Golden Dome of Hussein




Visitors to the shrine of Hussein and his brother Abbas are not driven by emotion alone. They cry be reminded of the atrocious nature of his death, in doing so, they reaffirm their pledge to his ideals. The first thing that pilgrims do upon reaching his shrine is recite the Ziyara, a sacred text which summarizes the status of Hussein. In it, they begin the address by calling Hussein the “inheritor” of Adam, Noah, Abraham, Moses and Jesus. There is something profound in making this proclamation. It shows that Hussein’s message of truth, justice, and love for the oppressed is viewed as an inseparable extension of all divinely-appointed prophets. People go to Karbala not to marvel at the city’s landscape - lush with date palms, or to admire the mausoleum’s physical beauty, or to shop, be entertained, or to visit ancient historical sites. They go to cry.

To mourn and experience the angelic aura of Hussein. They enter the sacred shrine weeping and lamenting the greatest act of sacrifice ever seen. It is as though every person has established a personal relationship with the man they have never seen. They talk to him and call out his name; they grip the housing of his tomb; they kiss the floor leading into the shrine; they touch its walls and doors in the same manner one touches the face of a long-lost friend. It is a picturesque vista of epic proportions.

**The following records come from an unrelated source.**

lemma chbr_blkv:
  "chbr (Suc m) (blkv m u0 x uw) (blkv m v0 y vw) =
   blkv m 0 (\<lambda>i. (u0 * y i - v0 * x i) / 2) (u0 * vw - v0 * uw - sform m x y)"
proof (intro ext)
  fix i
  have "(\<Sum>p\<in>{1..m}. blkv m u0 x uw (p + m) * blkv m v0 y vw p - blkv m v0 y vw (p + m) * blkv m u0 x uw p)
      = (\<Sum>q<m. blkv m u0 x uw (Suc q + m) * blkv m v0 y vw (Suc q) - blkv m v0 y vw (Suc q + m) * blkv m u0 x uw (Suc q))"
    unfolding One_nat_def by (rule sum.atLeast1_atMost_eq)
  also have "\<dots> = - sform m x y"
    unfolding sform_def by (subst sum_negf[symmetric]) (rule sum.cong, auto simp: algebra_simps)
  finally have last: "(\<Sum>p\<in>{1..m}. blkv m u0 x uw (p + m) * blkv m v0 y vw p
      - blkv m v0 y vw (p + m) * blkv m u0 x uw p) = - sform m x y" .
  show "chbr (Suc m) (blkv m u0 x uw) (blkv m v0 y vw) i =
      blkv m 0 (\<lambda>i. (u0 * y i - v0 * x i) / 2) (u0 * vw - v0 * uw - sform m x y) i"
  proof (cases i rule: index_cases[where m=m])
    case 4
    then show ?thesis by (simp add: chbr_def blkv_def)
  qed (use last in \<open>simp_all add: chbr_def\<close>)
qed

lemma chbr_blkv_coords:
  "chbr (Suc m) (blkv m (u 0) (\<lambda>i. u (Suc i)) (u (Suc (2*m)))) (blkv m (v 0) (\<lambda>i. v (Suc i)) (v (Suc (2*m))))
   = chbr (Suc m) u v"
proof -
  have "(\<Sum>p\<in>{1..m}. f (p + m) * g p - g (p + m) * f p) = (\<Sum>p\<in>{1..m}. u (p + m) * v p - v (p + m) * u p)"
    if "\<And>i. i < Suc (Suc (2*m)) \<Longrightarrow> f i = u i" "\<And>i. i < Suc (Suc (2*m)) \<Longrightarrow> g i = v i" for f g
    using that by (intro sum.cong) auto
  then show ?thesis unfolding chbr_def by (intro ext) (auto simp: blkv_coords)
qed

lemma basis_vec_0_blkv: "basis_vec 0 = blkv m 1 (\<lambda>_. 0) 0"
  unfolding basis_vec_def blkv_def by auto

What motivates these people is something that requires an understanding of the character and status of Imam Hussein and the spiritual relationship that those who have come to know him have developed with his living legend.




If the world understood Hussein, his message, and his sacrifice, they would begin to understand the ancient roots of Daesh and its credo of death and destruction. It was centuries ago in Karbala that humanity witnessed the genesis of senseless monstrosities, epitomized in the murderers of Hussein. It was pitch black darkness v. Absolute shining light, an exhibition of vice v. a festival of virtue, hence the potent specter of Hussein today. His presence is primordially woven into every facet of their lives. His legend encourages, inspires, and champions change for the better, and no amount of media blackout can extinguish its light. “Who is this Hussein”? For hundreds of millions of his followers, a question this profound, which can cause people to relinquish their religion for another, can be answered only when you have marched to the shrine of Hussein on foot.